Activity:
Starting at the line containing "(coef_mat \<omega>) in" and ending at the line containing "B = (\<Sum>f\<in>bijs", print every line of the material below exactly, both ends included, and stop there.
__________
(* Let $X$ be a complex manifold, $\omega$ a Hermitian metric and $\gamma$ a smooth real $(1,1)$-form on $X$. For any bidegree $(p,q)$ and any $C^\infty$ family $(\alpha_t)_{t\in(-\varepsilon,\varepsilon)}$ of smooth $(p,q)$-forms, with $\varepsilon>0$ so small that $\omega+t\gamma>0$ for all $t\in(-\varepsilon,\varepsilon)$, $$\frac{d}{dt}\Big|_{t=0}\big(\Lambda_{\omega+t\gamma}\alpha_t\big)=\Lambda_\omega\Big(\frac{d\alpha_t}{dt}\Big|_{t=0}\Big)-(\gamma\wedge\cdot)^\star_\omega\,\alpha_0.$$
   Context: Hermitian metrics are smooth positive definite real $(1,1)$-forms. For a Hermitian metric $\rho$, $\Lambda_\rho$ is the adjoint of $\rho\wedge\cdot$ with respect to the pointwise inner product induced by $\rho$; $(\gamma\wedge\cdot)^\star_\omega$ is the adjoint of multiplication by $\gamma$ with respect to the pointwise inner product induced by $\omega$. *)

theory Defs
  imports "HOL-Analysis.Analysis"
begin

text \<open>Pointwise model of complex-valued differential forms at a point of an
n-dimensional complex manifold, in holomorphic coordinates z_1..z_n
(indexed by the finite linearly ordered type 'n).  The complexified
cotangent space has basis dz_j (Inl j) and d(conj z_j) (Inr j).
A form is given by its coefficients on the basis e_A = wedge of the
elements of A in increasing order (order idx_less below).\<close>

type_synonym 'n form = "('n + 'n) set \<Rightarrow> complex"

definition idx_less :: "('n::linorder + 'n) \<Rightarrow> ('n + 'n) \<Rightarrow> bool" where
  "idx_less x y = (case (x, y) of
      (Inl a, Inl b) \<Rightarrow> a < b
    | (Inl a, Inr b) \<Rightarrow> True
    | (Inr a, Inl b) \<Rightarrow> False
    | (Inr a, Inr b) \<Rightarrow> a < b)"

definition bsign :: "(('n::linorder + 'n) \<Rightarrow> ('n + 'n)) \<Rightarrow> ('n + 'n) set \<Rightarrow> complex" where
  "bsign f A = (-1) ^ card {(a, a'). a \<in> A \<and> a' \<in> A \<and> idx_less a a' \<and> idx_less (f a') (f a)}"

text \<open>Sign of sorting the concatenation (A in order, then B in order).\<close>
definition shuffle_sign :: "('n::linorder + 'n) set \<Rightarrow> ('n + 'n) set \<Rightarrow> complex" where
  "shuffle_sign A B = (-1) ^ card {(a, b). a \<in> A \<and> b \<in> B \<and> idx_less b a}"

definition wedge :: "('n::{finite,linorder}) form \<Rightarrow> 'n form \<Rightarrow> 'n form" where
  "wedge \<alpha> \<beta> C = (\<Sum>A\<in>Pow C. shuffle_sign A (C - A) * \<alpha> A * \<beta> (C - A))"

definition bideg :: "nat \<Rightarrow> nat \<Rightarrow> ('n::{finite,linorder}) form \<Rightarrow> bool" where
  "bideg p q \<alpha> \<longleftrightarrow> (\<forall>A. \<alpha> A \<noteq> 0 \<longrightarrow>
      card {j. Inl j \<in> A} = p \<and> card {j. Inr j \<in> A} = q)"

definition swap_idx :: "('n + 'n) \<Rightarrow> ('n + 'n)" where
  "swap_idx x = (case x of Inl a \<Rightarrow> Inr a | Inr a \<Rightarrow> Inl a)"

text \<open>Complex conjugation of forms: conj(dz_j) = d(conj z_j).\<close>
definition conj_form :: "('n::{finite,linorder}) form \<Rightarrow> 'n form" where
  "conj_form \<alpha> B = cnj (\<alpha> (swap_idx ` B)) * bsign swap_idx (swap_idx ` B)"

definition real_11_form :: "('n::{finite,linorder}) form \<Rightarrow> bool" where
  "real_11_form \<gamma> \<longleftrightarrow> bideg 1 1 \<gamma> \<and> conj_form \<gamma> = \<gamma>"

text \<open>Coefficient matrix h of a (1,1)-form written i * sum h_jk dz_j wedge d(conj z_k).\<close>
definition coef_mat :: "('n::{finite,linorder}) form \<Rightarrow> complex ^ ('n::{finite,linorder}) ^ ('n::{finite,linorder})" where
  "coef_mat \<omega> = (\<chi> j k. - \<i> * \<omega> {Inl j, Inr k})"

definition hermitian_metric :: "('n::{finite,linorder}) form \<Rightarrow> bool" where
  "hermitian_metric \<omega> \<longleftrightarrow> real_11_form \<omega> \<and>
     (\<forall>v::complex ^ ('n::{finite,linorder}). v \<noteq> 0 \<longrightarrow>
        0 < Re (\<Sum>j\<in>UNIV. \<Sum>k\<in>UNIV. coef_mat \<omega> $ j $ k * v $ j * cnj (v $ k)))"

text \<open>Pointwise Hermitian inner product (linear in the first slot) induced by
\<omega> on 1-forms: <dz_j,dz_k> = (h^{-1})_{kj}, <dzbar_j,dzbar_k> = (h^{-1})_{jk},
<dz_j,dzbar_k> = 0; extended to all degrees by the determinant formula.\<close>
definition dual_gram :: "('n::{finite,linorder}) form \<Rightarrow> ('n + 'n) \<Rightarrow> ('n + 'n) \<Rightarrow> complex" where
  "dual_gram \<omega> x y = (let M = matrix_inv (coef_mat \<omega>) in
     (case (x, y) of
        (Inl j, Inl k) \<Rightarrow> M $ k $ j
      | (Inr j, Inr k) \<Rightarrow> M $ j $ k
      | _ \<Rightarrow> 0))"

definition bijs :: "('n + 'n) set \<Rightarrow> ('n + 'n) set \<Rightarrow> (('n + 'n) \<Rightarrow> ('n + 'n)) set" where
  "bijs A B = {f. bij_betw f A B \<and> (\<forall>x. x \<notin> A \<longrightarrow> f x = undefined)}"

definition basis_ip :: "('n::{finite,linorder}) form \<Rightarrow> ('n + 'n) set \<Rightarrow> ('n + 'n) set \<Rightarrow> complex" where
  "basis_ip \<omega> A B = (\<Sum>f\<in>bijs A B. bsign f A * (\<Prod>a\<in>A. dual_gram \<omega> a (f a)))"

definition form_ip :: "('n::{finite,linorder}) form \<Rightarrow> 'n form \<Rightarrow> 'n form \<Rightarrow> complex" where
  "form_ip \<omega> \<alpha> \<beta> = (\<Sum>A\<in>UNIV. \<Sum>B\<in>UNIV. \<alpha> A * cnj (\<beta> B) * basis_ip \<omega> A B)"

definition form_adj :: "('n::{finite,linorder}) form \<Rightarrow> ('n form \<Rightarrow> 'n form) \<Rightarrow> 'n form \<Rightarrow> 'n form" where
  "form_adj \<omega> T \<beta> = (THE y. \<forall>x. form_ip \<omega> (T x) \<beta> = form_ip \<omega> x y)"

definition Lambda_op :: "('n::{finite,linorder}) form \<Rightarrow> 'n form \<Rightarrow> 'n form" where
  "Lambda_op \<rho> = form_adj \<rho> (wedge \<rho>)"

definition form_add_smult :: "('n::{finite,linorder}) form \<Rightarrow> real \<Rightarrow> 'n form \<Rightarrow> 'n form" where
  "form_add_smult \<omega> t \<gamma> = (\<lambda>A. \<omega> A + complex_of_real t * \<gamma> A)"

definition smooth_on :: "real set \<Rightarrow> (real \<Rightarrow> complex) \<Rightarrow> bool" where
  "smooth_on I f \<longleftrightarrow> (\<exists>D::nat \<Rightarrow> real \<Rightarrow> complex. D 0 = f \<and>
      (\<forall>k. \<forall>t\<in>I. (D k has_vector_derivative D (Suc k) t) (at t)))"

end

(*
  The pointwise inner product of forms is a Gram determinant in the dual metric h^{-1}, where
  h is the coefficient matrix of omega.  Laplace expansion along a row shows that exterior
  multiplication by a covector has as adjoint a combination of interior products with
  coefficients from h^{-1}.  Writing a (1,1)-form beta as a sum of multiples of
  dz_j wedge dzbar_k, the adjoint of beta wedge (.) becomes the double contraction
    y |-> sum_{j,k} conj (i (h^{-1} b h^{-1})_{jk}) iota(dzbar_k) iota(dz_j) y,
  b the coefficient matrix of beta; it is the adjoint because the inner product is
  nondegenerate.  For beta = omega this is the contraction with h^{-1}, so
  Lambda_{omega + t gamma} alpha_t is the contraction of alpha_t with (h + t g)^{-1}.  The product
  rule and d/dt (h + t g)^{-1} = - h^{-1} g h^{-1} at t = 0 give the claim, the second term being
  the contraction of alpha_0 with - h^{-1} g h^{-1}, i.e. -(gamma wedge .)^* alpha_0.
*)
theory Submission
  imports Defs
begin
__________
Task response:
  "dual_gram \<omega> x y = (let M = matrix_inv (coef_mat \<omega>) in
     (case (x, y) of
        (Inl j, Inl k) \<Rightarrow> M $ k $ j
      | (Inr j, Inr k) \<Rightarrow> M $ j $ k
      | _ \<Rightarrow> 0))"

definition bijs :: "('n + 'n) set \<Rightarrow> ('n + 'n) set \<Rightarrow> (('n + 'n) \<Rightarrow> ('n + 'n)) set" where
  "bijs A B = {f. bij_betw f A B \<and> (\<forall>x. x \<notin> A \<longrightarrow> f x = undefined)}"

definition basis_ip :: "('n::{finite,linorder}) form \<Rightarrow> ('n + 'n) set \<Rightarrow> ('n + 'n) set \<Rightarrow> complex" where
  "basis_ip \<omega> A B = (\<Sum>f\<in>bijs A B. bsign f A * (\<Prod>a\<in>A. dual_gram \<omega> a (f a)))"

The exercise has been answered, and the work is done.